Брендон же, опасаясь, что жена может попытаться покинуть его, приказал не пускать ее ездить верхом и даже просто выходить за пределы ранчо без сопровождения. Когда Лорел впервые явилась рано утром в конюшню, желая прокатиться верхом, конюх вежливо, но твердо отказал ей. Обычно уравновешенная, Лорел вскипела. С горящими глазами она бросилась на поиски Брендона.
Он в это время рассматривал с Мигуэлем отобранные на продажу скот. Лорел кинулась к нему.
— Брендон, почему ты запретил мне ездить верхом? — в сердцах воскликнула она. — Я требую, чтобы мне немедленно вывели лошадь.
Наступила тишина — все, кто был рядом, навострили уши, с интересом прислушиваясь, что же ответит Брендон на дерзкие слова, обращенные к нему всего лишь женщиной.
Зная, что на них направлены все взоры, Брендон был вынужден проявить подобающую случаю твердость.
— Требовать бесполезно, Лорел. Мое распоряжение останется в силе. Одна ты кататься не будешь. Хочешь сесть на лошадь — найди себе кого-нибудь в спутники.
Кипя от ярости, Лорел даже разрешила себе топнуть ногой.
— Я езжу одна с двенадцати лет, спутники мне ни к чему.
— Тогда ты вообще не будешь ездить, — отрезал Брендон.
— Почему?
— Потому что я так сказал.
— Но это не довод!
— А для меня довод.
Подбоченясь и гневно сверкая глазами, Лорел воскликнула:
— Черт бы тебя побрал, Брендон!
— Вид у тебя больно грозный, точь-в-точь бешеная бентамская[4] наседка, — насмешливо улыбнулся он.
Лорел упрямо вздернула подбородок и обдала Брендона ледяным взглядом.
— Да? В таком случае заруби себе на носу: бентамские петухи без хвоста — уже не петухи, и тебе в один прекрасный день выщиплют все перья.
Брендон рассмеялся от всего сердца, и его смех звучал в ее ушах, пока она шла к Инес, чтобы пригласить ту на утреннюю прогулку. Ей как никогда было необходимо проехаться, чтобы разрядиться. Лорел казалось, что если она благодаря быстрой езде не выпустит из себя пары злости, то наверняка взорвется.
К вечеру этого же дня, едва Лорел вышла из ванны и потянулась за полотенцем, как дверь их комнаты распахнулась. Жадным взглядом Брендон окинул ее голое тело, и на лице его появилось выражение такого свирепого голода, что Лорел даже вздрогнула.
В полном молчании Брендон, не отрывая от нее глаз, тихо закрыл за собой дверь и повернул ключ в замке. Последние лучи вечернего солнца позолотили невытертые капли на ее коже. Лорел вся как бы светилась под струйками воды, сбегавшей по ее стройному телу, и обрисовывавшей контуры, по которым так стосковались его руки. Кремовые полукружия грудей поднимались и опускались в такт взволнованному дыханию, розовые соски заманчиво торчали. В этот миг он подумал, что второго такого соблазнительного существа не найти в целом свете.
Он сделал шаг вперед, и очарование сразу нарушилось. Лорел поспешно схватила полотенце и закрылась им.
— Не надо! — выдохнул Брендон, шагнул еще раз, мягко, но решительно вырвал полотенце из ее рук и бросил на пол. Жестом, исполненным скорее благоговения, чем страсти, он провел кончиками пальцев по ее телу, приводя его по пути их следования в трепет.

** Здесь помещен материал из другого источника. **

(* Let $\Gamma$ be a modular pattern. There is an integer $m$ such that whenever two ideal triangles $\tau_1,\tau_2$ of the modular tiling have combinatorial distance at least $m$, at most one geodesic of $\Gamma$ intersects both $\tau_1$ and $\tau_2$.
   Context: A modular pattern is a $PSL_2(\mathbb Z)$-invariant collection $\Gamma$ of complete geodesics in $\mathbf H^2$ with finitely many $PSL_2(\mathbb Z)$-orbits, each geodesic stabilized by an infinite-order subgroup of $PSL_2(\mathbb Z)$. The modular tiling $T$ is the $PSL_2(\mathbb Z)$-invariant tiling of $\mathbf H^2$ by ideal triangles generated by reflections in the sides of the ideal triangle with vertices $0,1,\infty$ (upper half-plane). The combinatorial distance between two ideal triangles of $T$ is the number of edges of $T$ crossed by the geodesic segment joining their centers. *)

theory Defs
  imports Complex_Main
begin

definition uhp :: "complex set" where
  "uhp = {z. 0 < Im z}"

definition hdist :: "complex \<Rightarrow> complex \<Rightarrow> real" where
  "hdist z w = arcosh (1 + (cmod (z - w))^2 / (2 * Im z * Im w))"

definition hseg :: "complex \<Rightarrow> complex \<Rightarrow> complex set" where
  "hseg z w = {u \<in> uhp. hdist z u + hdist u w = hdist z w}"

definition vline :: "real \<Rightarrow> complex set" where
  "vline a = {z \<in> uhp. Re z = a}"

definition hcirc :: "real \<Rightarrow> real \<Rightarrow> complex set" where
  "hcirc c r = {z \<in> uhp. cmod (z - complex_of_real c) = r}"

definition complete_geodesic :: "complex set \<Rightarrow> bool" where
  "complete_geodesic L \<longleftrightarrow> (\<exists>a. L = vline a) \<or> (\<exists>c r. 0 < r \<and> L = hcirc c r)"

text \<open>Elements of SL(2,Z) as integer quadruples (a,b,c,d); PSL(2,Z) acts through them.\<close>
type_synonym imat = "int \<times> int \<times> int \<times> int"

definition SL2Z :: "imat set" where
  "SL2Z = {(a,b,c,d). a * d - b * c = 1}"

fun mob :: "imat \<Rightarrow> complex \<Rightarrow> complex" where
  "mob (a,b,c,d) z = (of_int a * z + of_int b) / (of_int c * z + of_int d)"

text \<open>PSL(2,Z) = SL(2,Z)/{+-I}; an element g stabilizes a set when its Moebius map does.\<close>
definition stabilizer :: "complex set \<Rightarrow> imat set" where
  "stabilizer L = {g \<in> SL2Z. mob g ` L = L}"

— Ты так прекрасна, ты само совершенство!
— Брендон! — только и смогла она выдохнуть полураскрытым ртом.
Он обхватил руками талию Лорел, прижал ее бедра к своим, давая ощутить силу его желания. Горячие губы целовали ее плечо, но затем переместились к шее, где было слышно лихорадочное биение пульса.
А ее пальцы непроизвольно нашли пуговицы мужской рубашки, расстегнули и высвободили его широкую грудь для ласки. Тонкие пальцы Лорел углубились в чащобу каштановых волос, отыскивая и нежно гладя затерявшиеся в их глубине плоские соски.
Он помог ей, сбросив с себя рубашку, и снова заключил в свои объятия, прижав нежные женские груди к своей твердой груди, где ее соски погрузились в мягкий волосяной покров, щекотавший их при малейшем движении.
— Никогда ничего не хотел я так сильно, как сейчас хочу тебя, — пробормотал он.
Стон слетел с его уст, он с нетерпеливой жадностью впился в ее рот. Лорел отвечала так же пылко и под натиском его дерзкого языка раздвинула губы. Теплые, огрубевшие от работы руки гладили ее бедра и спину. Она прижималась все теснее к Брендону, не замечая, что твердая пряжка поясного ремня врезается ей в живот. Их бедра сошлись, губы сомкнулись в сладком поцелуе. Он погрузил пальцы в высокую прическу Лорел, распустил ее, разбрасывая вокруг шпильки, и блестящие серебристые волны волос потекли по ее спине. Брендон расчесывал их пальцами, которые застревали в густых прядях, словно те в ожидании ласки не желали их отпускать.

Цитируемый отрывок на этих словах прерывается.